If, for some reason you need to maintain formatting of the included text, you can use the <pre> element (which indicates the text is preformatted):
<blockquote>
<pre>
If you can keep your head when all about you
Are losing theirs and blaming it on you,
If you can trust yourself when all men doubt you,
But make allowance for their doubting too;
If you can wait and not be tired by waiting,
Or being lied about, don’t deal in lies,
Or being hated, don’t give way to hating,
And yet don’t look too good, nor talk too wise:
</pre>
<i>-Rudyard Kipling, exerpt from "If"</i>
</blockquote>
Which would be rendered:
If you can keep your head when all about you Are losing theirs and blaming it on you, If you can trust yourself when all men doubt you, But make allowance for their doubting too; If you can wait and not be tired by waiting, Or being lied about, don’t deal in lies, Or being hated, don’t give way to hating, And yet don’t look too good, nor talk too wise:
-Rudyard Kipling, exerpt from "If"
Note that the <pre> preserves all formatting, so it is necessary not to indent its contents.
Alternatively, you can denote line breaks with <br/>
, and non-breaking spaces with
:
<blockquote>
If you can keep your head when all about you<br/>
Are losing theirs and blaming it on you,<br/>
If you can trust yourself when all men doubt you,<br/>
But make allowance for their doubting too;<br/>
If you can wait and not be tired by waiting,<br/>
Or being lied about, don’t deal in lies,<br/>
Or being hated, don’t give way to hating,<br/>
And yet don’t look too good, nor talk too wise:<br/>
<i>-Rudyard Kipling, exerpt from "If"</i>
</blockquote>
Which renders:
If you can keep your head when all about you
Are losing theirs and blaming it on you,
If you can trust yourself when all men doubt you,
But make allowance for their doubting too;
If you can wait and not be tired by waiting,
Or being lied about, don’t deal in lies,
Or being hated, don’t give way to hating,
And yet don’t look too good, nor talk too wise:
-Rudyard Kipling, exerpt from "If"
Additionally, as a program you may want to use the the <code> element in conjunction with the <pre> element to display preformatted code snippets in your pages. There are even some JavaScript libraries available to automatically add syntax colors to your code.
HTML Comments
HTML comments are identical to XML comments (as both inherited from SGML). Comments start with the sequence <!--
and end with the sequence -->
, i.e.:
<!-- This is an example of a HTML comment -->
Basic Page Structure
HTML5 (the current HTML standard) pages have an expected structure that you should follow.

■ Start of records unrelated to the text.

(* Write N(phi) = ||phi||^2, which lies in [0,1] on the unit ball. Summing the diagonal matrix
   element <e_i (x) e_m, gamma^(2) e_i (x) e_m> over m gives E[|phi_i|^2 N], so Tr_2 gamma^(2) = gamma^(1)
   forces E[|phi_i|^2 N] = E[|phi_i|^2]; summing over i gives E[N^2] = E[N], and since N(1 - N) >= 0
   this means N(1 - N) = 0 almost surely. Conversely, if N is 0 or 1 almost surely, then summing the
   matrix elements of gamma^(k+1) over the last index multiplies the integrand by N, which changes
   nothing: where N = 0 we have phi = 0, and the integrand vanishes there because k >= 1. Exchanging the
   sum over m with the integral is dominated convergence for countable sums. *)

lemma filterlim_to_nat_less_finite_subsets:
  "filterlim (\<lambda>n. {m::'m::countable. to_nat m < n}) (finite_subsets_at_top UNIV) sequentially"
  unfolding filterlim_finite_subsets_at_top
proof (intro allI impI)
  fix X :: "'m set" assume "finite X \<and> X \<subseteq> UNIV"
  then have "X \<subseteq> {m. to_nat m < n}" if "Suc (Max (to_nat ` X)) \<le> n" for n
    using that by (auto dest!: Max_ge[of "to_nat ` X", OF finite_imageI])
  then have "eventually (\<lambda>n. X \<subseteq> {m. to_nat m < n}) sequentially"
    by (rule eventually_sequentiallyI)
  moreover have finite: "finite {m::'m. to_nat m < n}" for n
    using finite_vimageI[of "{..<n}" to_nat] by (simp add: vimage_def)
  ultimately show "eventually (\<lambda>n. finite {m::'m. to_nat m < n} \<and> X \<subseteq> {m. to_nat m < n}
      \<and> {m::'m. to_nat m < n} \<subseteq> UNIV) sequentially"
    by (elim eventually_mono) (simp add: finite)
qed

lemma borel_measurable_has_sum:
  fixes f :: "'m::countable \<Rightarrow> 'a \<Rightarrow> 'b::{banach, second_countable_topology}"
  assumes "\<And>m. f m \<in> borel_measurable M"
    and "\<And>x. x \<in> space M \<Longrightarrow> ((\<lambda>m. f m x) has_sum h x) UNIV"
  shows "h \<in> borel_measurable M"
proof (rule borel_measurable_LIMSEQ_metric)
  show "(\<lambda>x. \<Sum>m | to_nat m < n. f m x) \<in> borel_measurable M" for n
    using assms(1) by measurable
  show "(\<lambda>n. \<Sum>m | to_nat m < n. f m x) \<longlonglongrightarrow> h x" if "x \<in> space M" for x
    using assms(2)[OF that] filterlim_to_nat_less_finite_subsets
    unfolding has_sum_def by (metis filterlim_compose)
qed

lemma norm_has_sum_minus_sum_le:
  fixes f :: "'m \<Rightarrow> 'b::banach"
  assumes "(f has_sum s) A" and "((\<lambda>m. norm (f m)) has_sum n) A" and "finite F" "F \<subseteq> A"
  shows "norm (s - sum f F) \<le> n - (\<Sum>m\<in>F. norm (f m))"
proof -
  have minus_restrict: "((\<lambda>m. - (if m \<in> F then g m else 0)) has_sum - sum g F) A"
    for g :: "'m \<Rightarrow> 'c::banach"
    unfolding has_sum_uminus minus_minus using assms(3,4) by (intro has_sum_finite_neutralI[of F]) auto
  have diff: "((\<lambda>m. f m - (if m \<in> F then f m else 0)) has_sum s - sum f F) A"
    using has_sum_add[OF assms(1) minus_restrict] by simp
  have "((\<lambda>m. norm (f m) - (if m \<in> F then norm (f m) else 0))
      has_sum n - (\<Sum>m\<in>F. norm (f m))) A"
    using has_sum_add[OF assms(2) minus_restrict] by simp
  then have "((\<lambda>m. norm (f m - (if m \<in> F then f m else 0)))
      has_sum n - (\<Sum>m\<in>F. norm (f m))) A"
    by (rule has_sum_cong[THEN iffD1, rotated]) simp
  then show ?thesis
    by (rule norm_has_sum_bound[OF _ diff])
qed

lemma has_sum_iff_nn_integral_count_space:
  fixes a :: "'m \<Rightarrow> real"
  assumes nonneg: "\<And>m. 0 \<le> a m" and "0 \<le> c"
  shows "(a has_sum c) UNIV \<longleftrightarrow> (\<integral>\<^sup>+m. ennreal (a m) \<partial>count_space UNIV) = ennreal c"
proof -
  have "(\<lambda>m. norm (a m)) = a"
    using nonneg by auto
  then have summable_iff: "a summable_on UNIV \<longleftrightarrow> Infinite_Set_Sum.abs_summable_on a UNIV"
    using abs_summable_equivalent[of a UNIV] by simp
  show ?thesis
  proof
    assume "(a has_sum c) UNIV"
    then have "Infinite_Set_Sum.abs_summable_on a UNIV" and "infsum a UNIV = c"
      using summable_iff by (auto simp: has_sum_iff)
    then show "(\<integral>\<^sup>+m. ennreal (a m) \<partial>count_space UNIV) = ennreal c"
      using nonneg by (simp add: nn_integral_conv_infsetsum infsetsum_infsum)
  next
    assume integral: "(\<integral>\<^sup>+m. ennreal (a m) \<partial>count_space UNIV) = ennreal c"
    then have summable: "Infinite_Set_Sum.abs_summable_on a UNIV"
      unfolding abs_summable_on_def using nonneg by (intro integrableI_nonneg) auto
    then have "infsum a UNIV = c"
      using integral nonneg \<open>0 \<le> c\<close> by (simp add: infsetsum_infsum[symmetric] infsetsum_conv_nn_integral)
    then show "(a has_sum c) UNIV"
      using summable summable_iff by (simp add: has_sum_iff)
  qed
qed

This is:
<!DOCTYPE html>
<html>
<head>
<title><!-- The title of your page goes here --></title>
<!-- other metadata about your page goes here -->
</head>
<body>
<!-- The contents of your page go here -->
</body>
</html>
HTML Elements
Rather than include an exhaustive list of HTML elements, I will direct you to the list provided by MDN. However, it is useful to recognize that elements can serve different purposes:
- Some organize the page into sections like the header and footer - MDN calls these the Content Section elements
- Some define the meaning, structure or style of text - MDN calls these the Inline text semantics elements
- Some present images, audio, video, or other embedded multimeda content - MDN calls these the Image and multimedia elements and Embedded content elements
- Tables are composed of Table content elements
- User input is collected with Forms
There are more tags than this, but these are the most commonly employed, and the ones you should be familiar with.
Learning More
The MDN HTML Docs are recommended reading for learning more about HTML.